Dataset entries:
────────────────────────────────────────

lemma prod_list_children:
  fixes f :: "nat \<Rightarrow> 'a::comm_monoid_mult"
  assumes "finite (supp z)"
  shows "prod_list (map f (children z)) = (\<Prod>j\<in>supp z. f j ^ z j)"
proof -
  have "prod_list (concat xss) = prod_list (map prod_list xss)" for xss :: "'a list list"
    by (induction xss) auto
  then show ?thesis
    unfolding children_def using assms
    by (simp add: map_concat comp_def prod_list_replicate prod.distinct_set_conv_list[symmetric])
qed

lemma Fgen_Suc:
  assumes fo: "\<And>i z. z \<in> set_pmf (P i) \<Longrightarrow> finite (supp z)"
    and s: "\<And>j. 0 \<le> s j \<and> s j \<le> 1"
  shows "Fgen P (Suc n) i s = measure_pmf.expectation (P i) (powprod (\<lambda>j. Fgen P n j s))"
proof -
  have Fs: "\<And>j. 0 \<le> Fgen P n j s \<and> Fgen P n j s \<le> 1"
    using Fgen_bounds s by blast
  have "ennreal (Fgen P (Suc n) i s) = (\<integral>\<^sup>+w. ennreal (powprod s w) \<partial>Zdist P (Suc n) i)"
    unfolding Fgen_eq_expectation_powprod nn_integral_powprod[OF s] ..
  also have "\<dots> = (\<integral>\<^sup>+z. \<integral>\<^sup>+w. ennreal (powprod s w) \<partial>sum_indep (\<lambda>j. Zdist P n j) (children z) \<partial>P i)"
    by simp
  also have "\<dots> = (\<integral>\<^sup>+z. prod_list (map (\<lambda>k. ennreal (Fgen P n k s)) (children z)) \<partial>P i)"
    by (intro nn_integral_cong, subst nn_integral_powprod_sum_indep)
       (use s finite_supp_pmf_Zdist[OF fo] in
         \<open>auto simp: Fgen_eq_expectation_powprod nn_integral_powprod\<close>)
  also have "\<dots> = (\<integral>\<^sup>+z. ennreal (powprod (\<lambda>j. Fgen P n j s) z) \<partial>P i)"
    using fo Fs
    by (intro nn_integral_cong_AE)
       (auto simp: AE_measure_pmf_iff prod_list_children powprod_def prod_ennreal ennreal_power)
  also have "\<dots> = ennreal (measure_pmf.expectation (P i) (powprod (\<lambda>j. Fgen P n j s)))"
    using nn_integral_powprod[OF Fs] .
  finally show ?thesis
    using Fgen_bounds[OF s] expectation_powprod_bounds[OF Fs] by (simp add: ennreal_inj)
qed

lemma one_minus_prod_le_sum:
  fixes p :: "nat \<Rightarrow> real"
  assumes "finite S" "\<And>j. j \<in> S \<Longrightarrow> 0 \<le> p j \<and> p j \<le> 1"
  shows "1 - prod p S \<le> (\<Sum>j\<in>S. 1 - p j)"
  using assms
proof (induction S rule: finite_induct)
  case (insert a S)
  have "0 \<le> prod p S" "prod p S \<le> 1" "0 \<le> p a" "p a \<le> 1"
    using insert.prems by (auto intro!: prod_nonneg prod_le_1)
  then have "0 \<le> (1 - p a) * (1 - prod p S)" by simp
  then show ?case using insert by (simp add: algebra_simps)
qed simp
(* Let $\lambda=(\lambda_1\ge\cdots\ge\lambda_n)$ be a partition with positive parts, $m=\lambda_1$, and let $\mathbf T_\lambda=\{(i,j):1\le i\le n,\ 1\le j\le\lambda_i\}$. Let $I_2(\mathbf T_\lambda)\subset K[\mathbf T_\lambda]$ be the ideal generated by the 2-minors of $\mathbf T_\lambda$, and let $L\subset K[\mathbf T_\lambda]$ be the ideal generated by the diagonal sums $$\sum_{i\ge1,\ (i,k+i)\in\mathbf T_\lambda}T_{i,k+i}\ (k=0,\dots,m-1),\qquad\sum_{i\ge1,\ (k+i,i)\in\mathbf T_\lambda}T_{k+i,i}\ (k=1,\dots,n-1).$$ Let $\prec$ be the reverse-lexicographic term order induced by $T_{1,1}>T_{1,2}>\cdots>T_{1,\lambda_1}>T_{2,1}>\cdots>T_{2,\lambda_2}>\cdots>T_{n,\lambda_n}$. Then $T_{ij}^j\in\mathrm{in}_\prec(I_2(\mathbf T_\lambda)+L)$ for every $(i,j)\in\mathbf T_\lambda$.
   Context: $K$ is a field; $K[\mathbf T_\lambda]$ is the polynomial ring over $K$ in variables $T_{ij}$, $(i,j)\in\mathbf T_\lambda$. A 2-minor of $\mathbf T_\lambda$ is $T_{ij}T_{kl}-T_{il}T_{kj}$ with $i<k$, $j<l$ and $(i,j),(i,l),(k,j),(k,l)\in\mathbf T_\lambda$. *)

theory Defs
  imports Main "HOL-Library.Poly_Mapping"
begin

────────────────────────────────────────

-- DESCRIPTION OF THE TASK --
Extract, please, the lines from the start of the entries above through the one with "by (simp add: map_concat", both included, reproducing each exactly and adding nothing.

-- OUTPUT OF THE TASK --
lemma prod_list_children:
  fixes f :: "nat \<Rightarrow> 'a::comm_monoid_mult"
  assumes "finite (supp z)"
  shows "prod_list (map f (children z)) = (\<Prod>j\<in>supp z. f j ^ z j)"
proof -
  have "prod_list (concat xss) = prod_list (map prod_list xss)" for xss :: "'a list list"
    by (induction xss) auto
  then show ?thesis
    unfolding children_def using assms
    by (simp add: map_concat comp_def prod_list_replicate prod.distinct_set_conv_list[symmetric])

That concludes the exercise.